The central bank’s projections are expected to point to a collapse in output this year and near-zero interest rates for the next few years. Any indication that the bank could rein in its recent stimulus measures would be likely to spook investors.

“European markets are on the back foot once again, despite early gains, with traders fearing that the recent recovery in stocks could see (Fed Chair Jerome) Powell take his foot off the gas,” Joshua Mahony, senior market analyst at IG, wrote in a client note.

The continent’s markets have seen a broad recovery in recent weeks, with investors moving into cheap, growth-sensitive stocks such as banks and oil companies on hopes that the worst fallout from the health crisis is over.

However, the banking index <.SX7P> fell 1.3% despite an early boost from a Reuters report that European Central Bank officials were drawing up a scheme to cope with potentially hundreds of billions of euros in unpaid loans.

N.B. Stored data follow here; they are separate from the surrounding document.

(* Let $\Delta$ be a positive integer, let $$\delta_{\Delta} = \max \left\{\sin \left(\tfrac{\alpha}{2}\right) \cos \left(\Delta \tfrac{\alpha}{2}\right) : 0 < \alpha < \tfrac{2 \pi}{3 \Delta} \right\},$$ and let $\beta \in \bigcup_{a \in \overline{B}(1, \delta_{\Delta})} \frac{1}{a} \overline{B}(1, \delta_{\Delta})$. Then $Z_{\mathrm{Ising}}(G; \beta) \ne 0$ for every graph $G$ with maximum degree at most $\Delta$.
   Context: Graphs are undirected and may have multiple edges or loops. $Z_{\mathrm{Ising}}(G;\beta)=\sum_{\sigma\colon V\to\{0,1\}}\beta^{m(\sigma)}$ with $m(\sigma)$ the number of monochromatic edges of $G=(V,E)$ under $\sigma$. $\overline{B}(x,r)=\{z\in\mathbb{C}:|z-x|\le r\}$, and $\frac1a\overline{B}(1,\delta)=\{w/a: w\in\overline{B}(1,\delta)\}$. *)

theory Defs
  imports "HOL-Analysis.Analysis" "HOL-Library.Multiset"
begin

text \<open>A (multi)graph with loops: a finite vertex set V and a finite multiset E of edges,
  each edge given by its two endpoints (orientation is irrelevant).\<close>

definition multigraph :: "'a set \<Rightarrow> ('a \<times> 'a) multiset \<Rightarrow> bool" where
  "multigraph V E \<longleftrightarrow> finite V \<and> (\<forall>e \<in># E. fst e \<in> V \<and> snd e \<in> V)"

definition degree :: "('a \<times> 'a) multiset \<Rightarrow> 'a \<Rightarrow> nat" where
  "degree E v = (\<Sum>e \<in># E. (if fst e = v then 1 else 0) + (if snd e = v then 1 else 0))"

definition max_degree_le :: "'a set \<Rightarrow> ('a \<times> 'a) multiset \<Rightarrow> nat \<Rightarrow> bool" where
  "max_degree_le V E D \<longleftrightarrow> (\<forall>v \<in> V. degree E v \<le> D)"

definition mono_edges :: "('a \<times> 'a) multiset \<Rightarrow> ('a \<Rightarrow> bool) \<Rightarrow> nat" where
  "mono_edges E \<sigma> = size (filter_mset (\<lambda>e. \<sigma> (fst e) = \<sigma> (snd e)) E)"

text \<open>Ising partition function; spins \<open>{0,1}\<close> are encoded as bool.\<close>
definition Z_Ising :: "'a set \<Rightarrow> ('a \<times> 'a) multiset \<Rightarrow> complex \<Rightarrow> complex" where
  "Z_Ising V E \<beta> = (\<Sum>\<sigma> \<in> (V \<rightarrow>\<^sub>E (UNIV :: bool set)). \<beta> ^ mono_edges E \<sigma>)"

definition delta_Delta :: "nat \<Rightarrow> real" where
  "delta_Delta D = (SUP \<alpha> \<in> {0<..<2 * pi / (3 * real D)}.
      sin (\<alpha> / 2) * cos (real D * \<alpha> / 2))"

end

theory Submission
  imports Defs
begin

(* Write \<beta> = w / a with |w - 1|, |a - 1| \<le> \<delta>, and give monochromatic edges weight w and the
   other edges weight a; this multiplies Z_Ising(\<beta>) by a^|E|.  Choose \<alpha> with D \<alpha> < \<pi> and
   \<delta> \<le> sin(\<alpha>/2) cos((D-1) \<alpha>/2).  Allowing some edge endpoints to be pinned to a fixed spin,
   one shows by induction on the number of free vertices that (i) the partition function never
   vanishes and (ii) flipping the pinned spin at one end of an edge rotates it by at most \<alpha>.
   For (ii), summing over the spin of the other end x writes the partition function as
   w1 u1 + w2 u2 with edge weights w1, w2, where u1, u2 pin x to the two spins; by (ii) for the
   at most D - 1 remaining edges at x, the angle between u1 and u2 is at most (D-1) \<alpha>, so
   |u1 + u2| \<ge> cos((D-1) \<alpha>/2) (|u1| + |u2|) and perturbing the weights by \<delta> moves the
   argument by at most \<alpha>/2.  For (i), pinning any vertex splits the partition function into two
   terms whose arguments differ by at most D \<alpha> < \<pi>, so they cannot cancel. *)

lemma abs_Arg_mult_le: "\<bar>Arg (z * w)\<bar> \<le> \<bar>Arg z\<bar> + \<bar>Arg w\<bar>"
proof (cases "z = 0 \<or> w = 0")
  case True
  then show ?thesis by auto
next
  case False
  show ?thesis
  proof (cases "Arg z + Arg w \<in> {-pi<..pi}")
    case True
    then show ?thesis using Arg_times[OF True] False by simp
  next
    case outside: False
    have "\<bar>Arg (z * w)\<bar> \<le> pi" using mpi_less_Arg[of "z * w"] Arg_le_pi[of "z * w"] by auto
    also have "pi \<le> \<bar>Arg z\<bar> + \<bar>Arg w\<bar>" using outside by auto
    finally show ?thesis .
  qed
qed

lemma abs_Arg_divide_le: "\<bar>Arg (z / w)\<bar> \<le> \<bar>Arg z\<bar> + \<bar>Arg w\<bar>"
proof -
  have "\<bar>Arg (inverse w)\<bar> = \<bar>Arg w\<bar>" by (simp add: Arg_inverse)
  then show ?thesis using abs_Arg_mult_le[of z "inverse w"] by (simp add: divide_inverse)
qed

lemma abs_Arg_divide_trans:
  assumes "(z2 :: complex) \<noteq> 0"
  shows "\<bar>Arg (z1 / z3)\<bar> \<le> \<bar>Arg (z1 / z2)\<bar> + \<bar>Arg (z2 / z3)\<bar>"
proof -
  have "z1 / z3 = (z1 / z2) * (z2 / z3)" using assms by simp
  then show ?thesis using abs_Arg_mult_le[of "z1 / z2" "z2 / z3"] by (simp only:)
qed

“It is clear that investors are increasingly optimistic that the worst of the COVID-19 pandemic is over and that economies will recover swiftly,” said Mark Haefele, Chief Investment Officer, UBS Global Wealth Management.

“We believe a degree of caution is warranted. Investors have moved quickly to price in good news.”

Lufthansa <LHAG.DE> slid 5.7% after Germany said it planned to extend its travel warning to countries outside Europe until Aug. 31.

Continental <CONG.DE> fell 3.6% after a media report cited the German automotive supplier’s CEO as saying it needed to save hundreds of millions of euros and would probably have to lay off workers due to a slump in demand caused by the pandemic.